---------- ENTRIES SHOWN ----------

lemma critical_point:
  assumes "p \<ge> 1" "q \<ge> 0" "\<beta> \<ge> 1"
  shows "0 < critical_point p q \<beta>" "critical_point p q \<beta> < 1"
    "sigma_lhs p q \<beta> (critical_point p q \<beta>) = 1"
  using theI'[OF sigma_lhs_eq_one_ex1[OF assms]] unfolding critical_point_def by auto

lemma objective_le_max_value:
  assumes "p \<ge> 1" "q \<ge> 0" "\<beta> \<ge> 1" "0 \<le> x" "x \<le> 1"
  shows "objective p q \<beta> x \<le> max_value p q \<beta>"
  unfolding max_value_def
  by (rule objective_le_at_critical) (use assms critical_point[OF assms(1-3)] in auto)

lemma lf_eq_max_value:
  assumes "pf t \<ge> 1" "qf t \<ge> 0" "\<beta> \<ge> 1"
  shows "lf t \<beta> = max_value (pf t) (qf t) \<beta> - t - sqrt 2"
proof -
  have "sigma_hat t \<beta> = critical_point (pf t) (qf t) \<beta>"
    unfolding sigma_hat_def critical_point_def sigma_lhs_def ..
  then show ?thesis
    using objective_at_critical[of \<beta> "critical_point (pf t) (qf t) \<beta>"] critical_point[OF assms]
    unfolding lf_def max_value_def by (simp add: assms)
qed

lemma pf_qf_even: "qf (2 * real k) = k" "pf (2 * real k) = k + 1"
proof -
  have floor: "\<lfloor>2 * real k\<rfloor> = 2 * int k"
    by (metis floor_of_int of_int_mult of_int_numeral of_int_of_nat_eq)
  show "qf (2 * real k) = k" unfolding qf_def floor by simp
  then show "pf (2 * real k) = k + 1" unfolding pf_def by simp
qed

lemma delta_eq_max_value:
  assumes "\<beta> \<ge> 1"
  shows "delta k \<beta> = max_value (real k + 2) (real k + 1) \<beta> - max_value (real k + 1) (real k) \<beta> - 2"
proof -
  have "2 * real k + 2 = 2 * real (Suc k)" by simp
  then have "lf (2 * real k + 2) \<beta> = max_value (real k + 2) (real k + 1) \<beta> - (2 * real k + 2) - sqrt 2"
    using lf_eq_max_value[of "2 * real (Suc k)" \<beta>] pf_qf_even[of "Suc k"] assms
    by (simp add: add.commute)
  moreover have "lf (2 * real k) \<beta> = max_value (real k + 1) (real k) \<beta> - 2 * real k - sqrt 2"
    using lf_eq_max_value[of "2 * real k" \<beta>] pf_qf_even[of k] assms by (simp add: add.commute)
  ultimately show ?thesis unfolding delta_def by simp
qed
section \<open>Glauber dynamics preserves increasing likelihood ratios\<close>

definition fiber_mass :: "('v \<Rightarrow> bool) pmf \<Rightarrow> 'v \<Rightarrow> ('v \<Rightarrow> bool) \<Rightarrow> real" where
  "fiber_mass \<nu> v z = pmf \<nu> (z(v := True)) + pmf \<nu> (z(v := False))"

lemma fiber_mass_fun_upd [simp]: "fiber_mass \<nu> v (z(v := b)) = fiber_mass \<nu> v z"
  by (simp add: fiber_mass_def)

lemma fiber_mass_pos: "0 < pmf \<nu> z \<Longrightarrow> 0 < fiber_mass \<nu> v z"
  unfolding fiber_mass_def
  by (cases "z v") (auto simp: fun_upd_idem intro: add_pos_nonneg add_nonneg_pos)

lemma feasible_at_iff_fiber_mass: "feasible_at \<mu> v z \<longleftrightarrow> 0 < fiber_mass \<mu> v z"
  by (simp add: feasible_at_def fiber_mass_def)

lemma cond1_eq_fiber_mass: "cond1 \<mu> v z = pmf \<mu> (z(v := True)) / fiber_mass \<mu> v z"
  by (simp add: cond1_def fiber_mass_def)

lemma resample_prob_eq:
  assumes "0 < pmf \<mu> z"
  shows "(if z v then cond1 \<mu> v z else 1 - cond1 \<mu> v z) = pmf \<mu> z / fiber_mass \<mu> v z"
proof -
  have "0 < fiber_mass \<mu> v z" using fiber_mass_pos[OF assms] .
  then show ?thesis
    by (cases "z v") (auto simp: cond1_eq_fiber_mass fun_upd_idem field_simps fiber_mass_def)
qed

text \<open>The ratio \<open>\<nu>/\<mu>\<close> is increasing; it is stated cross-multiplied so that it makes sense
  where \<open>\<mu>\<close> vanishes.\<close>

definition increasing_ratio :: "('v \<Rightarrow> bool) pmf \<Rightarrow> ('v \<Rightarrow> bool) pmf \<Rightarrow> bool" where
  "increasing_ratio \<mu> \<nu> \<longleftrightarrow> set_pmf \<nu> \<subseteq> admissible \<mu> \<and>
     (\<forall>x y. x \<le> y \<longrightarrow> pmf \<nu> x * pmf \<mu> y \<le> pmf \<nu> y * pmf \<mu> x)"

lemma increasing_ratioD:
  assumes "increasing_ratio \<mu> \<nu>"
  shows "0 < pmf \<nu> z \<Longrightarrow> z \<in> admissible \<mu>"
    and "x \<le> y \<Longrightarrow> pmf \<nu> x * pmf \<mu> y \<le> pmf \<nu> y * pmf \<mu> x"
  using assms by (auto simp: increasing_ratio_def set_pmf_iff)

lemma top_le_iff: "(\<lambda>_. True) \<le> y \<longleftrightarrow> y = (\<lambda>_. True)"
  by (auto simp: le_fun_def fun_eq_iff)

lemma increasing_ratio_return_top: "increasing_ratio \<mu> (return_pmf (\<lambda>_. True))"
  by (auto simp: increasing_ratio_def admissible_def pmf_return indicator_def top_le_iff)

lemma set_pmf_glauber_step:
  assumes top: "\<forall>v. feasible_at \<mu> v (\<lambda>_. True)" and x: "x \<in> admissible \<mu>"
  shows "set_pmf (glauber_step \<mu> x) \<subseteq> admissible \<mu>"
proof
  fix y assume "y \<in> set_pmf (glauber_step \<mu> x)"
  then obtain v b where y: "y = x(v := b)" and "pmf (bernoulli_pmf (cond1 \<mu> v x)) b \<noteq> 0"
    by (auto simp: glauber_step_def set_pmf_iff)
  then have "if b then 0 < cond1 \<mu> v x else cond1 \<mu> v x < 1"
    using cond1_nonneg[of \<mu> v x] cond1_le_1[of \<mu> v x] by (cases b) auto
  then show "y \<in> admissible \<mu>"
    using feasible_at_admissible[OF top x, of v] unfolding y
    by (cases b) (auto simp: cond1_pos_iff cond1_less_1_iff intro: admissibleI)
qed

----------

| EXERCISE PROMPT |
A word-for-word restatement of the records above from the line containing "by (auto simp: glauber_step_def" to their final line is all the answer should hold.

| EXERCISE RESPONSE |
    by (auto simp: glauber_step_def set_pmf_iff)
  then have "if b then 0 < cond1 \<mu> v x else cond1 \<mu> v x < 1"
    using cond1_nonneg[of \<mu> v x] cond1_le_1[of \<mu> v x] by (cases b) auto
  then show "y \<in> admissible \<mu>"
    using feasible_at_admissible[OF top x, of v] unfolding y
    by (cases b) (auto simp: cond1_pos_iff cond1_less_1_iff intro: admissibleI)
qed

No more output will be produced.